Microarray Data Management Pipeline

This pipeline can be used to manage the data of microarrays, including GeoChip 2 (He et al 2007 ISME J), GeoChip 3 (He et al 2010 ISME J), GeoChip 4 (Tu et al 2014 Mol Ecol Resour), GeoChip 5 (Shi et al 2019 mSystems), and HumiChip (Tu et al 2014 PLoS One). The basic functions include raw data upload, data processing (normalization, quality filtering, designate signal cutoffs), and further statistical analyses. Other types of data can also be used in the pipeline (amplicon sequencing data). A total of 233 users have analyzed 114,564 sample data from 2007 to Dec 2020. Under Prof. Jizhong Zhou’s supervision, Dr. Ye Deng and Zhou Shi are previous developers of this pipeline. Dr. Naijia Xiao and I are maintainers of this pipeline now. I am developing some new methods to processing the data.
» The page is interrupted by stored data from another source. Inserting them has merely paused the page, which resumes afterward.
(* There is no polynomial-time algorithm that, given a canonical linear game on players $\{1,\dots,n\}$ as the list of characteristic vectors of its ceiling coalitions, outputs the list of its roof coalitions; and there is no polynomial-time algorithm that, given a canonical linear game as the list of its roof coalitions, outputs the list of its ceiling coalitions. (Here polynomial time means polynomial in the size of the input list.)
   Context: A simple game on $N=\{1,\dots,n\}$ is a map $v:2^N\to\{0,1\}$; it is monotonic if $S\subseteq T\Rightarrow v(S)\le v(T)$. Write $i\succeq j$ if $v(S\cup\{i\})\ge v(S\cup\{j\})$ for all $S\subseteq N\setminus\{i,j\}$; a canonical linear game is a monotonic simple game with $1\succeq2\succeq\cdots\succeq n$. A coalition $S'$ is a direct left-shift of $S$ if there is $m\in S$, $2\le m\le n$, $m-1\notin S$, with $S'=(S\setminus\{m\})\cup\{m-1\}$; a left-shift is obtained by one or more successive direct left-shifts; right-shifts are defined symmetrically. A roof coalition is a minimal winning coalition all of whose right-shifts are losing; a ceiling coalition is a maximal losing coalition all of whose left-shifts are winning. A canonical linear game is determined by its list of roofs, and also by its list of ceilings. A coalition $S$ is encoded by its characteristic vector in $\{0,1\}^n$. *)

theory Defs
  imports Main
begin
lemma abs_power_diff_quotient_le:
  assumes \<rho>: "0 < \<rho>" and s: "\<bar>s\<bar> \<le> \<rho> / 4" "\<bar>s + y\<bar> \<le> \<rho> / 4" and y: "y \<noteq> 0"
  shows "\<bar>((s + y) ^ n - s ^ n) / y - real n * s ^ (n - 1)\<bar> \<le> \<bar>y\<bar> * (16 / \<rho>\<^sup>2 * \<rho> ^ n)"
proof -
  have "real n * real (n - 1) * (\<rho> / 4) ^ (n - 2) \<le> 16 / \<rho>\<^sup>2 * \<rho> ^ n"
  proof (cases "n < 2")
    case True
    then have "n = 0 \<or> n = 1" by auto
    then show ?thesis using \<rho> by auto
  next
    case False
    then obtain m where m: "n = Suc (Suc m)"
      by (metis add_2_eq_Suc le_Suc_ex not_less)
    have "Suc (Suc m) < 2 ^ Suc (Suc m)"
      by (rule less_exp)
    then have "Suc (Suc m) * Suc m \<le> 2 ^ Suc (Suc m) * 2 ^ Suc (Suc m)"
      by (intro mult_le_mono) auto
    also have "\<dots> = 16 * 4 ^ m"
      by (simp add: power_mult_distrib[symmetric])
    finally have "real (Suc (Suc m)) * real (Suc m) \<le> 16 * 4 ^ m"
      by (metis of_nat_le_iff of_nat_mult of_nat_numeral of_nat_power)
    then have "real (Suc (Suc m)) * real (Suc m) * (\<rho> ^ m / 4 ^ m) \<le> (16 * 4 ^ m) * (\<rho> ^ m / 4 ^ m)"
      using \<rho> by (intro mult_right_mono) auto
    then show ?thesis
      using m \<rho> by (simp add: power_divide power2_eq_square)
  qed
  moreover have "\<bar>((s + y) ^ n - s ^ n) / y - real n * s ^ (n - 1)\<bar>
      \<le> real n * real (n - 1) * (\<rho> / 4) ^ (n - 2) * \<bar>y\<bar>"
    using lemma_termdiff3[OF y, of s "\<rho> / 4" n] s by simp
  ultimately show ?thesis
    by (smt (verit) abs_ge_zero mult.commute mult_right_mono)
qed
Amplicon Sequencing Data Analysis Pipeline

This pipeline is used to process amplicon sequencing data, including raw data upload, demultiplex, quality trim, pair end sequences combination, format conversion, OTU clustering, tree building, etc. It is useful tool in many of our studies, e.g. Zhou et al 2016 Nature Communications. A total of 119 users have used this pipeline from May 2018 to Dec 2020. Under Prof. Jizhong Zhou’s supervision, Dr. Yujia Qin developed this pipeline and Dr. Naijia Xiao and I are maintaining it now.

updated 2021.10.1